lemma (in group) subset_core:
  assumes "subgroup H G" "S \<subseteq> H" "\<And>g x. g \<in> carrier G \<Longrightarrow> x \<in> S \<Longrightarrow> inv g \<otimes> x \<otimes> g \<in> S"
  shows "S \<subseteq> core G H"
proof
  fix x
  assume "x \<in> S"
  then show "x \<in> core G H"
    using assms(2,3) subgroup.mem_carrier[OF assms(1)] by (auto simp: mem_core_iff[OF assms(1)])
qed

lemma (in normal) FactGroup_nat_pow_eq_one:
  assumes "\<And>g. g \<in> carrier G \<Longrightarrow> g [^] n \<in> H" "A \<in> carrier (G Mod H)"
  shows "A [^]\<^bsub>G Mod H\<^esub> (n :: nat) = \<one>\<^bsub>G Mod H\<^esub>"
proof -
  obtain g where g: "g \<in> carrier G" "A = H #> g"
    using assms(2) unfolding FactGroup_def RCOSETS_def by auto
  then show ?thesis
    using FactGroup_pow[OF g(1)] rcos_const[OF is_group assms(1)[OF g(1)]] by simp
qed

lemma iso_nat_pow_eq_one:
  assumes "\<phi> \<in> iso G K" "group G" "group K"
    and "\<And>x. x \<in> carrier G \<Longrightarrow> x [^]\<^bsub>G\<^esub> n = \<one>\<^bsub>G\<^esub>" "y \<in> carrier K"
  shows "y [^]\<^bsub>K\<^esub> (n :: nat) = \<one>\<^bsub>K\<^esub>"
proof -
  have hom: "\<phi> \<in> hom G K"
    using assms(1) by (simp add: iso_def)
  obtain x where x: "x \<in> carrier G" "y = \<phi> x"
    using assms(1,5) unfolding iso_def bij_betw_def by auto
  then have "y [^]\<^bsub>K\<^esub> n = \<phi> (x [^]\<^bsub>G\<^esub> n)"
    using hom_nat_pow[OF hom x(1) assms(2,3)] by simp
  also have "\<dots> = \<one>\<^bsub>K\<^esub>"
    using assms(4)[OF x(1)] hom_one[OF hom assms(2,3)] by simp
  finally show ?thesis .
qed

lemma sum_power_lessThan_double:
  "(\<Sum>i<2 * m. x ^ i) = (1 + x) * (\<Sum>i<m. (x\<^sup>2) ^ i :: 'a :: comm_semiring_1)"
proof (induction m)
  case (Suc m)
  have "2 * Suc m = Suc (Suc (2 * m))" by simp
  then show ?case
    using Suc by (simp add: algebra_simps power_mult[symmetric] mult.commute[of 2])
qed simp

lemma two_pow_dvd_sum_power:
  assumes "odd (x :: nat)"
  shows "2 ^ k dvd (\<Sum>i<2 ^ k. x ^ i)"
  using assms
proof (induction k arbitrary: x)
  case (Suc k)
  have "2 * 2 ^ k dvd (1 + x) * (\<Sum>i<2 ^ k. (x\<^sup>2) ^ i)"
    using Suc by (intro mult_dvd_mono) simp_all
  then show ?case
    by (simp add: sum_power_lessThan_double)
qed simp

lemma two_pow_Suc_not_dvd_sum_power:
  assumes "(x :: nat) mod 4 = 1"
  shows "\<not> 2 ^ Suc k dvd (\<Sum>i<2 ^ k. x ^ i)"
  using assms
proof (induction k arbitrary: x)
  case (Suc k)
  define p where "p = (1 + x) div 2"
  have p: "1 + x = 2 * p" "odd p"
    using Suc.prems unfolding p_def by presburger+
  have "x\<^sup>2 mod 4 = 1"
    using Suc.prems by (simp add: power2_eq_square mod_mult_eq[symmetric])
  then have "\<not> 2 ^ Suc k dvd (\<Sum>i<2 ^ k. (x\<^sup>2) ^ i)"
    by (rule Suc.IH)
  then have "\<not> 2 ^ Suc k dvd p * (\<Sum>i<2 ^ k. (x\<^sup>2) ^ i)"
    using p(2) by (simp add: coprime_dvd_mult_right_iff)
  moreover have "(\<Sum>i<2 ^ Suc k. x ^ i) = 2 * (p * (\<Sum>i<2 ^ k. (x\<^sup>2) ^ i))"
    by (simp only: power_Suc sum_power_lessThan_double p(1) mult.assoc)
  ultimately show ?case
    by simp
qed simp

lemma odd_mod_two_pow_iff: "0 < e \<Longrightarrow> odd ((x :: nat) mod 2 ^ e) \<longleftrightarrow> odd x"
  using dvd_mod_iff[of 2 "2 ^ e" x] by simp

lemma Hol_carrier: "(a, u) \<in> carrier (Hol e) \<longleftrightarrow> a < 2^e \<and> u < 2^e \<and> coprime u (2^e)"
  by (simp add: Hol_def)

lemma Hol_mult [simp]: "(a, u) \<otimes>\<^bsub>Hol e\<^esub> (b, v) = ((a + u * b) mod 2^e, (u * v) mod 2^e)"
  by (simp add: Hol_def)

lemma Hol_one [simp]: "\<one>\<^bsub>Hol e\<^esub> = (0, 1)"
  by (simp add: Hol_def)

lemma Hol_mult_assoc: "x \<otimes>\<^bsub>Hol e\<^esub> y \<otimes>\<^bsub>Hol e\<^esub> z = x \<otimes>\<^bsub>Hol e\<^esub> (y \<otimes>\<^bsub>Hol e\<^esub> z)"
proof -
  obtain a u b v c w where xyz: "x = (a, u)" "y = (b, v)" "z = (c, w)"
    by (metis surj_pair)
  have "[(a + u * b) mod 2^e + (u * v) mod 2^e * c = (a + u * b) + (u * v) * c] (mod 2^e)"
    by (intro cong_add cong_mult) (simp_all add: cong_def)
  also have "(a + u * b) + (u * v) * c = a + u * (b + v * c)"
    by (simp add: algebra_simps)
  also have "[\<dots> = a + u * ((b + v * c) mod 2^e)] (mod 2^e)"
    by (intro cong_add cong_mult) (simp_all add: cong_def)
  finally show ?thesis
    by (simp add: xyz cong_def mod_mult_left_eq mod_mult_right_eq mult.assoc)
qed

lemma Hol_left_inverse:
  assumes "0 < e" "(a, u) \<in> carrier (Hol e)"
  shows "\<exists>y\<in>carrier (Hol e). y \<otimes>\<^bsub>Hol e\<^esub> (a, u) = \<one>\<^bsub>Hol e\<^esub>"
proof -
  obtain v where "[u * v = 1] (mod 2^e)"
    using cong_solve_coprime_nat[of u "2^e"] assms(2) unfolding Hol_carrier by auto
  then have uv: "(u * v) mod 2^e = 1"
    using assms(1) by (simp add: cong_def)
  then have v: "(v mod 2^e * u) mod 2^e = 1"
    by (metis mod_mult_left_eq mult.commute)
  from uv have "odd v"
    using odd_mod_two_pow_iff[OF assms(1), of "u * v"] by simp
  define b where "b = (v mod 2^e * (2^e - a)) mod 2^e"
  have "(b + v mod 2^e * a) mod 2^e = (v mod 2^e * (2^e - a + a)) mod 2^e"
    by (simp add: b_def mod_add_left_eq add_mult_distrib2)
  also have "\<dots> = 0"
    using assms(2) by (simp add: Hol_carrier)
  finally have "(b, v mod 2^e) \<otimes>\<^bsub>Hol e\<^esub> (a, u) = \<one>\<^bsub>Hol e\<^esub>"
    using v by simp
  moreover have "(b, v mod 2^e) \<in> carrier (Hol e)"
    using assms(1) \<open>odd v\<close> by (simp add: Hol_carrier b_def odd_mod_two_pow_iff)
  ultimately show ?thesis by blast
qed

lemma group_Hol:
  assumes "0 < e"
  shows "group (Hol e)"
proof (rule groupI)
  fix x y
  assume "x \<in> carrier (Hol e)" "y \<in> carrier (Hol e)"
  then show "x \<otimes>\<^bsub>Hol e\<^esub> y \<in> carrier (Hol e)"
    using assms by (cases x, cases y) (simp add: Hol_carrier odd_mod_two_pow_iff)
next
  show "\<one>\<^bsub>Hol e\<^esub> \<in> carrier (Hol e)"
    using assms one_less_power[of "2::nat" e] by (simp add: Hol_carrier)
next
  fix x
  assume "x \<in> carrier (Hol e)"
  then show "\<exists>y\<in>carrier (Hol e). y \<otimes>\<^bsub>Hol e\<^esub> x = \<one>\<^bsub>Hol e\<^esub>"
    using Hol_left_inverse[OF assms] by (cases x) simp
qed (auto simp: Hol_carrier Hol_mult_assoc)

lemma finite_carrier_Hol: "finite (carrier (Hol e))"
  by (rule finite_subset[of _ "{..<2 ^ e} \<times> {..<2 ^ e}"]) (auto simp: Hol_def)

lemma card_carrier_Hol:
  assumes "0 < e"
  shows "card (carrier (Hol e)) = 2 ^ e * 2 ^ (e - 1)"
proof -
  have "carrier (Hol e) = {..<2 ^ e} \<times> totatives (2 ^ e)"
    using assms by (auto simp: Hol_def totatives_def odd_pos le_less)
  then show ?thesis
    using totient_prime_power[of 2 e] assms by (simp add: card_cartesian_product totient_def)
qed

★ ★ ★

**WORK REQUIRED:** Reproduce, character for character, only the lines of the preceding data that start at the line with "G \<Longrightarrow> x [^]\<^bsub>G\<^esub>" and end at the line with "using assms(1,5) unfolding", both included.

**WRITTEN SOLUTION:**
    and "\<And>x. x \<in> carrier G \<Longrightarrow> x [^]\<^bsub>G\<^esub> n = \<one>\<^bsub>G\<^esub>" "y \<in> carrier K"
  shows "y [^]\<^bsub>K\<^esub> (n :: nat) = \<one>\<^bsub>K\<^esub>"
proof -
  have hom: "\<phi> \<in> hom G K"
    using assms(1) by (simp add: iso_def)
  obtain x where x: "x \<in> carrier G" "y = \<phi> x"
    using assms(1,5) unfolding iso_def bij_betw_def by auto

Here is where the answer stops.